[Debian-med-packaging] Bug#960756: Bug#960756: python-biopython FTBFS on 32bit: test_NCBI_BLAST_tools.BlastDB failures

Étienne Mollier etienne.mollier at mailoo.org
Tue Jun 9 13:25:58 BST 2020


Hi all,

Andreas Tille, on 2020-06-08 16:01:33 +0200:
> any voluntee to follow this hint of upstream?

Having a look a this issue, here is what I can tell so far.

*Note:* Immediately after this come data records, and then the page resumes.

lemma reducedD:
  assumes "reduced c" and "val c' = val c"
  shows "c' 0 = 0" and "weight c' \<le> weight c"
  using assms unfolding reduced_def by auto

lemma reduced_no_exchange:
  assumes "reduced c" and "j < k" and "k < n" and "c (Suc j) \<ge> 1"
    and "c k \<ge> b + (if Suc j = k then 1 else 0)"
  shows False
proof -
  define e where "e = (\<lambda>i. (if i = k then b else 0) + (if i = Suc j then 1 else (0::nat)))"
  have e_le: "\<And>i. i < n \<Longrightarrow> e i \<le> c i"
    using assms(4,5) unfolding e_def by auto
  show False
  proof (cases "Suc k < n")
    case True
    define e' where "e' = (\<lambda>i. (if i = Suc k then 1 else 0) + (if i = j then b else (0::nat)))"
    define c' where "c' = (\<lambda>i. c i - e i + e' i)"
    have exchange: "lincomb n w c' + lincomb n w e = lincomb n w c + lincomb n w e'" for w
      unfolding c'_def by (rule lincomb_exchange[OF e_le])
    have "val c' = val c"
      using exchange[of gen] gen_exchange[of k j] True \<open>k < n\<close> \<open>j < k\<close>
      unfolding e_def e'_def by (simp add: lincomb_two_units)
    have "(b + 1) ^ j < (b + 1) ^ k"
      using \<open>j < k\<close> b_ge_2 by (intro power_strict_increasing) auto
    then have "weight e < weight e'"
      using True \<open>k < n\<close> \<open>j < k\<close> unfolding e_def e'_def by (simp add: lincomb_two_units)
    then have "weight c < weight c'"
      using exchange[of "\<lambda>i. (b + 1) ^ i"] by linarith
    then show False
      using reducedD(2)[OF \<open>reduced c\<close> \<open>val c' = val c\<close>] by simp
  next
    case False
    then have k: "k = n - 1" using \<open>k < n\<close> by simp
    define e' where "e' = (\<lambda>i. (if i = j then b else 0) + (if i = 0 then b ^ n + d else (0::nat)))"
    define c' where "c' = (\<lambda>i. c i - e i + e' i)"
    have "val c' + val e = val c + val e'"
      unfolding c'_def by (rule lincomb_exchange[OF e_le])
    then have "val c' = val c"
      using gen_exchange_last[of j] \<open>k < n\<close> \<open>j < k\<close>
      unfolding e_def e'_def k by (simp add: lincomb_two_units)
    moreover have "c' 0 \<noteq> 0"
      using d_pos unfolding c'_def e'_def by simp
    ultimately show False
      using reducedD(1)[OF \<open>reduced c\<close>, of c'] by simp
  qed
qed

lemma reduced_le_carry_vec:
  assumes "reduced c"
  obtains v where "1 \<le> v" and "v < n" and "\<And>i. i < n \<Longrightarrow> c i \<le> carry_vec v i"
proof (cases "\<exists>i<n. c i > 0")
  case False
  then show ?thesis using that[of 1] n_ge_2 by auto
next
  case True
  define v where "v = (LEAST i. i < n \<and> c i > 0)"
  have v: "v < n" "c v > 0"
    using LeastI_ex[OF True] unfolding v_def by auto
  have below: "c i = 0" if "i < v" for i
    using not_less_Least[OF that[unfolded v_def]] v that by auto
  have "c 0 = 0" using reducedD(1)[OF assms refl] .
  then obtain v0 where v0: "v = Suc v0" using v by (cases v) auto
  have at_v: "c v \<le> b"
    using reduced_no_exchange[OF assms, of v0 v] v v0 by fastforce
  have above: "c i \<le> b - 1" if "v < i" and "i < n" for i
    using reduced_no_exchange[OF assms, of v0 i] v v0 that by fastforce
  have "c i \<le> carry_vec v i" if "i < n" for i
    using below at_v above that unfolding carry_vec_def by (cases "i < v") auto
  then show ?thesis using that[of v] v v0 by simp
qed

lemma exists_reduced:
  assumes "u \<notin> S" and "u + int a \<in> S"
  obtains c where "int (val c) = u + int a" and "reduced c"
proof -
  obtain c0 where c0: "int (val c0) = u + int a"
    using assms(2) unfolding mem_S_iff by metis
  have "(b + 1) ^ i \<le> (b + 1) ^ n * gen i" if "i < n" for i
  proof -
    have "(b + 1) ^ i \<le> (b + 1) ^ n" using that by (intro power_increasing) auto
    also have "\<dots> \<le> (b + 1) ^ n * gen i" using gen_pos[of i] by simp
    finally show ?thesis .
  qed
  then have "weight c < (b + 1) ^ n * val c0 + 1" if "val c = val c0" for c
    using lincomb_le_mult[of n "\<lambda>i. (b + 1) ^ i" "(b + 1) ^ n" gen c] that by simp
  then obtain c where same: "val c = val c0" and max: "\<And>c'. val c' = val c0 \<Longrightarrow> weight c' \<le> weight c"
    using Lattices_Big.ex_has_greatest_nat[of "\<lambda>c. val c = val c0" c0 weight] by blast
  have "c' 0 = 0" if "val c' = val c0" for c'
  proof (rule ccontr)
    assume "c' 0 \<noteq> 0"
    let ?e = "\<lambda>i. if i = 0 then 1 else (0::nat)"
    have "val (\<lambda>i. c' i - ?e i) + val ?e = val c'"
      by (rule lincomb_diff) (use \<open>c' 0 \<noteq> 0\<close> in simp)
    then have "u = int (val (\<lambda>i. c' i - ?e i))"
      using c0 that lincomb_unit[of 0 n gen 1] n_ge_2 by simp
    then show False using assms(1) unfolding mem_S_iff by blast
  qed
  then have "reduced c"
    unfolding reduced_def using same max by simp
  moreover have "int (val c) = u + int a" using c0 same by simp
  ultimately show ?thesis using that by blast
qed

lemma pseudo_frobenius_is_top_gap:
  assumes "u \<in> pseudo_frobenius gens"
  obtains j where "1 \<le> j" and "j < n" and "u = top_gap j"
proof -
  have u: "u \<notin> S" and u_plus: "\<And>s. s \<in> S - {0} \<Longrightarrow> u + s \<in> S"
    using assms unfolding pseudo_frobenius_def by auto
  have "int (1 * gen 0) \<in> S - {0}"
    using mult_gen_in_S[of 0 1] n_ge_2 a_pos by simp
  then have "u + int a \<in> S" using u_plus by simp
  then obtain c where c: "int (val c) = u + int a" and "reduced c"
    using exists_reduced u by blast
  obtain v where v: "1 \<le> v" "v < n" and le: "\<And>i. i < n \<Longrightarrow> c i \<le> carry_vec v i"
    using reduced_le_carry_vec[OF \<open>reduced c\<close>] by blast
  define s where "s = val (\<lambda>i. carry_vec v i - c i)"
  have "s + val c = val (carry_vec v)"
    unfolding s_def by (rule lincomb_diff[OF le])
  then have u_s: "u + int s = top_gap (n - v)"
    using c val_carry_vec[OF v(2)] by simp
  have not_in_S: "top_gap (n - v) \<notin> S" using top_gap_not_in_S v by simp
  have "s = 0"
  proof (rule ccontr)
    assume "s \<noteq> 0"
    moreover have "int s \<in> S" unfolding mem_S_iff s_def by blast
    ultimately have "int s \<in> S - {0}" by simp
    then show False using u_plus u_s not_in_S by fastforce
  qed
  then show ?thesis using that[of "n - v"] u_s v by simp
qed

lemma pseudo_frobenius_gens: "pseudo_frobenius gens = top_gap ` {1..<n}"
proof (intro set_eqI iffI)
  fix u assume "u \<in> pseudo_frobenius gens"
  then obtain j where "1 \<le> j" "j < n" "u = top_gap j" by (rule pseudo_frobenius_is_top_gap)
  then show "u \<in> top_gap ` {1..<n}" by simp
next
  fix u assume "u \<in> top_gap ` {1..<n}"
  then show "u \<in> pseudo_frobenius gens" using top_gap_in_pseudo_frobenius by auto
qed

lemma frobenius_gens: "frobenius gens = top_gap 1"
  unfolding frobenius_def
proof (rule Greatest_equality)
  show "top_gap 1 \<notin> S" using top_gap_not_in_S n_ge_2 by simp
  show "y \<le> top_gap 1" if "y \<notin> S" for y
    using large_in_S[of y] that by linarith
qed

lemma sg_type_gens: "sg_type gens = n - 1"
proof -
  have "inj_on top_gap {1..<n}"
    using d_pos by (intro inj_onI) (simp add: top_gap_def)
  then show ?thesis
    unfolding sg_type_def pseudo_frobenius_gens by (simp add: card_image)
qed

lemma pseudo_frobenius_gens_eq:
  "pseudo_frobenius gens = {frobenius gens - int k * int d | k. k \<le> n - 2}"
proof -
  have top_gap_Suc: "top_gap (Suc k) = top_gap 1 - int k * int d" for k
    unfolding top_gap_def by (simp add: algebra_simps)
  have "top_gap ` {1..<n} = {top_gap 1 - int k * int d | k. k \<le> n - 2}"
  proof (intro set_eqI iffI)
    fix x assume "x \<in> top_gap ` {1..<n}"
    then obtain j where j: "1 \<le> j" "j < n" and "x = top_gap j" by auto
    then have "x = top_gap 1 - int (j - 1) * int d"
      using top_gap_Suc[of "j - 1"] by simp
    moreover have "j - 1 \<le> n - 2" using j by simp
    ultimately show "x \<in> {top_gap 1 - int k * int d | k. k \<le> n - 2}" by blast
  next
    fix x assume "x \<in> {top_gap 1 - int k * int d | k. k \<le> n - 2}"
    then obtain k where "k \<le> n - 2" and "x = top_gap (Suc k)"
      unfolding top_gap_Suc by blast
    moreover have "Suc k \<in> {1..<n}" using \<open>k \<le> n - 2\<close> n_ge_2 by simp
    ultimately show "x \<in> top_gap ` {1..<n}" by blast
  qed
  then show ?thesis
    unfolding pseudo_frobenius_gens frobenius_gens .
qed

end

theorem theorem4p3:
  fixes b n d a :: nat and A :: "nat list"
  assumes "b \<ge> 2" and "n \<ge> 2"
    and "a = (b ^ n - 1) div (b - 1)"
    and "d > 0" and "gcd a d = 1"
    and "A = map (\<lambda>i. b ^ i * a + ((b ^ i - 1) div (b - 1)) * d) [0..<n]"
  shows "sg_type A = n - 1 \<and>
         pseudo_frobenius A = {frobenius A - int k * int d | k. k \<le> n - 2}"
proof -
  interpret repunit_semigroup b n d
    using assms by unfold_locales (simp_all add: repunit_def coprime_iff_gcd_eq_1)
  have "A = gens"
    unfolding assms(6) assms(3) gen_def repunit_def ..
  then show ?thesis
    using sg_type_gens pseudo_frobenius_gens_eq by simp
qed

end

> > Perhaps makeblastdb itself failed (and our wrapper didn't notice)? Those
> > are the first files looked for after calling makeblastdb, to see if it
> > could make a BLAST database.  Are there any GenBank/NC_005816.fna.n* or
> > GenBank/NC_005816.faa.p* files present?
> > 
> > If it helps, the commands our script was trying to run were:
> > 
> > $ makeblastdb -dbtype nucl -in GenBank/NC_005816.fna \
> > -parse_seqids -hash_index -max_file_sz 20MB  -taxid 10
> > 
> > and:
> > 
> > $ makeblastdb -dbtype prot -in GenBank/NC_005816.faa \
> > -parse_seqids -hash_index -max_file_sz 20MB -taxid 10

On my i686 machine, both of these commands end up in error,
failing to allocate memory:

	$ makeblastdb -dbtype nucl -in GenBank/NC_005816.fna -parse_seqids -hash_index -max_file_sz 20MB  -taxid 10
	
	
	Building a new DB, current time: 06/09/2020 08:28:08
	New DB name:   /tmp/python-biopthon/Tests/GenBank/NC_005816.fna
	New DB title:  GenBank/NC_005816.fna
	Sequence type: Nucleotide
	Deleted existing Nucleotide BLAST database named /tmp/python-biopthon/Tests/GenBank/NC_005816.fna
	Keep MBits: T
	Maximum file size: 20000000B
	Adding sequences from FASTA; added 1 sequences in 0.284663 seconds.
	
	No volumes were created.
	
	BLAST Database creation error: mdb_env_open: Cannot allocate memory

Looking up the strace to see what happens exactly from a kernel
point of view, the program attempts to map 3647256576 bytes of
memory in which the stub of database will be built:

	lstat64("/tmp/python-biopthon/Tests/GenBank/NC_005816.fna.ndb", 0xbfc2e5ac) = -1 ENOENT (No such file or directory)
	openat(AT_FDCWD, "/tmp/python-biopthon/Tests/GenBank/NC_005816.fna.ndb", O_RDWR|O_CREAT, 0664) = 4
	fstatfs(4, {f_type=XFS_SB_MAGIC, f_bsize=4096, f_blocks=73645943, f_bfree=64080178, f_bavail=64080178, f_files=147363840, f_ffree=147171712, f_fsid={val=[65027, 0]}, f_namelen=255, f_frsize=4096, f_flags=ST_VALID|ST_NOATIME}) = 0
	pread64(4, "", 92, 0)                   = 0
	pwrite64(4, "\0\0\0\0\0\0\10\0\0\0\0\0\336\300\357\276\1\0\0\0\0\0\0\0\0\270d\331\0\20\0\0"..., 8192, 0) = 8192
	mmap2(NULL, 3647256576, PROT_READ, MAP_SHARED, 4, 0) = -1 ENOMEM (Cannot allocate memory)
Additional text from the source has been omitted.